Here’s what to know:

What prosecutors say happened

Herrera-Brea appeared in Dorchester District Court later on Tuesday, where his attorney, Benjamin Megrian, said his client allegedly knocked a relative into the pavement during an argument the previous Sunday, according to The Boston Globe.

The charges were ultimately dismissed after Megrian cited a 1997 Supreme Judicial Court opinion, according to prosecutors.

“Unbeknownst to the Commonwealth at that time, the defense attorney misrepresented what that case stated,” Rollins’s office said in a statement.

Specifically, Megrian, in his motion, pointed to a 1997 SJC case, “which holds that under the circumstances alleged in the police report, the pavement cannot be a dangerous weapon.”

According to Rollins’s office, the court actually determined the opposite in its ruling and that Megrian was in fact referring to a previous Appeals Court ruling.

Judge Paul Treseler granted prosecutors little time to review caselaw after Megrian filed the motion, however, officials said.

“In hast, the Commonwealth pulled the case up on a cellphone and saw the
Massachusetts Appeals Court case finding, which found pavement cannot
be a dangerous weapon, but not the Supreme Judicial Court case a year
later overruling the Appeals Court,” prosecutors said.


Treseler then “allowed the defendant’s Motion to Dismiss the felony charge of assault and battery with a dangerous weapon prior to the arraignment,” prosecutors said.

Only after the proceeding did prosecutors determine “the misrepresentation by defense counsel and the error (they) had made,” the statement says.

Megrian’s motion also asserted that the other charge, a misdemeanor that involved Herrera-Brea allegedly punching his brother, “should not have (been) issued without a clerk’s hearing.”

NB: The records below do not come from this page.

lemma emeasure_lborel_pos_if_not_null:
  assumes "E \<subseteq> S \<union> N" and "N \<in> null_sets lborel" and "S \<in> sets borel" and "I \<in> sets borel"
    and "E \<inter> I \<notin> null_sets lebesgue"
  shows "emeasure lborel (S \<inter> I) > 0"
proof (rule ccontr)
  assume "\<not> emeasure lborel (S \<inter> I) > 0"
  then have "(S \<inter> I) \<union> N \<in> null_sets lborel"
    using assms(2-4) by (intro null_sets.Un null_setsI) auto
  then have "E \<inter> I \<in> null_sets lebesgue"
    using assms(1) by (intro null_sets_completion_subset[OF _ null_sets_completionI]) auto
  with assms(5) show False
    by simp
qed

lemma short_tile_normalize:
  assumes [measurable]: "S \<in> sets borel" and "S \<subseteq> {a..b}" and "b - a < 3/2"
    and "emeasure lborel S = 1"
    and near_a: "\<And>\<delta>. 0 < \<delta> \<Longrightarrow> emeasure lborel (S \<inter> {..<a + \<delta>}) > 0"
    and near_b: "\<And>\<delta>. 0 < \<delta> \<Longrightarrow> emeasure lborel (S \<inter> {b - \<delta><..}) > 0"
  shows "short_tile {x. x + a \<in> S} (b - a)"
proof
  show "{x. x + a \<in> S} \<subseteq> {0..b - a}"
    using assms(2) by force
  show "emeasure lborel {x. x + a \<in> S} = 1"
    by (simp add: emeasure_lborel_translate assms(4))
  fix \<delta> :: real
  assume "0 < \<delta>"
  have "{x. x + a \<in> S} \<inter> {..<\<delta>} = {x. x + a \<in> S \<inter> {..<a + \<delta>}}"
    by auto
  also have "emeasure lborel \<dots> = emeasure lborel (S \<inter> {..<a + \<delta>})"
    by (intro emeasure_lborel_translate) measurable
  finally show "emeasure lborel ({x. x + a \<in> S} \<inter> {..<\<delta>}) > 0"
    using near_a[OF \<open>0 < \<delta>\<close>] by simp
  have "{x. x + a \<in> S} \<inter> {b - a - \<delta><..} = {x. x + a \<in> S \<inter> {b - \<delta><..}}"
    by auto
  also have "emeasure lborel \<dots> = emeasure lborel (S \<inter> {b - \<delta><..})"
    by (intro emeasure_lborel_translate) measurable
  finally show "emeasure lborel ({x. x + a \<in> S} \<inter> {b - a - \<delta><..}) > 0"
    using near_b[OF \<open>0 < \<delta>\<close>] by simp
qed (use assms(3) in auto)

According to the Globe, the prosecutor present in court agreed that Herrera-Brea was entitled to a clerk’s hearing for that charge.

Herrera-Brea’s attorney responds

Megrian, in a statement to the newspaper Wednesday, called it “disingenuous” for Rollins’s office to say he misled anyone.

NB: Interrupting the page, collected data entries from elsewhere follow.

lemma no_four_stable_blocks: False
proof -
  obtain g where g: "g \<in> G" "sign_parity A\<^sub>1 g" "sign_parity A\<^sub>2 g" "sign_parity A\<^sub>3 g"
    using odd_on_all_blocks by blast
  define H where "H = {h\<in>G. sign_parity A\<^sub>1 h = sign_parity A\<^sub>2 h}"
  have H: "is_subgroup H G"
    unfolding H_def using is_subgroup_sign_parity_eq[OF G blocks_finite(1,2) stable(1,2)] .
  then have HW: "is_subgroup H (WD n)"
    using is_subgroup_superset is_subgroupD(1)[OF G] by blast
  have stable_H: "index_stable H A" if "index_stable G A" for A
    using that is_subgroupD(1)[OF H] by (auto simp: index_stable_def)
  have "g \<in> H"
    using g by (simp add: H_def)
  then obtain h\<^sub>1 j h\<^sub>2 k where "h\<^sub>1 \<in> H" "j \<in> A\<^sub>1" "h\<^sub>1 (j, True) = (j, False)"
    and "h\<^sub>2 \<in> H" "k \<in> A\<^sub>3" "h\<^sub>2 (k, True) = (k, False)"
    using sign_parity_no_flip[OF HW blocks_finite(1) stable_H[OF stable(1)]]
      sign_parity_no_flip[OF HW blocks_finite(3) stable_H[OF stable(3)]] g(2,4) by blast
  moreover have "\<forall>h\<in>H. \<not> sign_parity (A\<^sub>1 \<union> A\<^sub>2) h"
    using sign_parity_Un[OF blocks_finite(1,2) disjoint(1)] by (simp add: H_def)
  moreover have "index_stable H (A\<^sub>1 \<union> A\<^sub>2)"
    using stable_H[OF stable(1)] stable_H[OF stable(2)] unfolding index_stable_def by blast
  moreover have "A\<^sub>1 \<union> A\<^sub>2 \<subseteq> {1..n}" "k \<in> {1..n}" "k \<notin> A\<^sub>1 \<union> A\<^sub>2"
    using blocks_subset \<open>k \<in> A\<^sub>3\<close> disjoint by auto
  ultimately have "\<not> H1_vanishes n H"
    using stable_block_not_H1_vanishes[OF is_subgroupD(1)[OF HW]] by blast
  then show False
    using H1_vanishes_subgroup[OF H] by blast
qed

end

theorem theorem4p3:
  fixes n :: nat and G :: "(nat \<times> bool \<Rightarrow> nat \<times> bool) set"
  assumes "is_subgroup G (WD n)"
    and "condH1 n G"
    and "minimal_cond n G"
  shows "card (orbits n G) \<le> 3"
proof (rule ccontr)
  assume "\<not> card (orbits n G) \<le> 3"
  then obtain Q\<^sub>1 Q\<^sub>2 Q\<^sub>3 where Q: "{Q\<^sub>1, Q\<^sub>2, Q\<^sub>3} \<subseteq> orbits n G" "Q\<^sub>1 \<noteq> Q\<^sub>2" "Q\<^sub>1 \<noteq> Q\<^sub>3" "Q\<^sub>2 \<noteq> Q\<^sub>3"
    and rest: "orbits n G - {Q\<^sub>1, Q\<^sub>2, Q\<^sub>3} \<noteq> {}"
    by (rule obtain_three_and_more)
  let ?R = "orbits n G - {Q\<^sub>1, Q\<^sub>2, Q\<^sub>3}"
  have sub: "{Q\<^sub>1} \<subseteq> orbits n G" "{Q\<^sub>2} \<subseteq> orbits n G" "{Q\<^sub>3} \<subseteq> orbits n G" "?R \<subseteq> orbits n G"
    using Q(1) by auto
  have "{Q\<^sub>1} \<union> {Q\<^sub>2} \<union> {Q\<^sub>3} \<union> ?R = orbits n G"
    using Q(1) by auto
  then have cover: "index_block {Q\<^sub>1} \<union> index_block {Q\<^sub>2} \<union> index_block {Q\<^sub>3} \<union> index_block ?R = {1..n}"
    using index_block_orbits[OF assms(1)] by (metis index_block_Un)
  note disjoint = index_block_disjoint[OF assms(1,3)]
    and nonempty = index_block_nonempty[OF assms(1)]
    and stable = index_stable_index_block[OF assms(1,3)]
  show False
    using no_four_stable_blocks[OF assms cover
        disjoint[OF sub(1,2)] disjoint[OF sub(1,3)] disjoint[OF sub(1,4)]
        disjoint[OF sub(2,3)] disjoint[OF sub(2,4)] disjoint[OF sub(3,4)]
        nonempty[OF sub(1)] nonempty[OF sub(2)] nonempty[OF sub(3)] nonempty[OF sub(4) rest]
        stable[OF sub(1)] stable[OF sub(2)] stable[OF sub(3)] stable[OF sub(4)]]
      Q(2-4) by auto
qed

“Where the district attorney’s office asked for time to review the Supreme Judicial Court case to which they were directed, where the Court granted them that time, and where they afterwards agreed that the charges were brought in error, it is disingenuous for them to suggest they were tricked by an attorney or not afforded a fair hearing by the court,” Megrian said.

What happens next

On Wednesday, Rollins’s office filed a motion to reconsider the felony charge that was dismissed.

In their statement, prosecutors said they believe “there is support for the charge” and are also alternatively prepared to “seek the issuance of a new criminal complaint on this offense.”


“We have every intention of pursuing criminal charges in connection
with this domestic violence allegation,” Rollins said in a statement. “In this case, the legal standard suggested by defense counsel had been overturned and we didn’t catch his error. Additionally, insufficient time was allowed by the Court to review the Motion to Dismiss and the legal precedent cited. This was an unfortunate misstep that was immediately noticed and corrected prior to any outside inquiry.”

According to the Globe, Herrera-Brea has been on probation since the fall following an arrest for a domestic violence charge in April 2020.

A department spokesperson told the newspaper Herrera-Brea was on administrative duty at the station and was not allowed to carry a firearm since he was arrested.

“Officer Herrara-Brea was on probation for an act of violence when he allegedly committed this new violent act,” Rollins said. “That is unacceptable conduct by a member of law enforcement. I have taken immediate steps to resolve this issue and we stand prepared to assist the Department of Probation in the matter of Officer Herrara- Brea’s blatant probation violation.”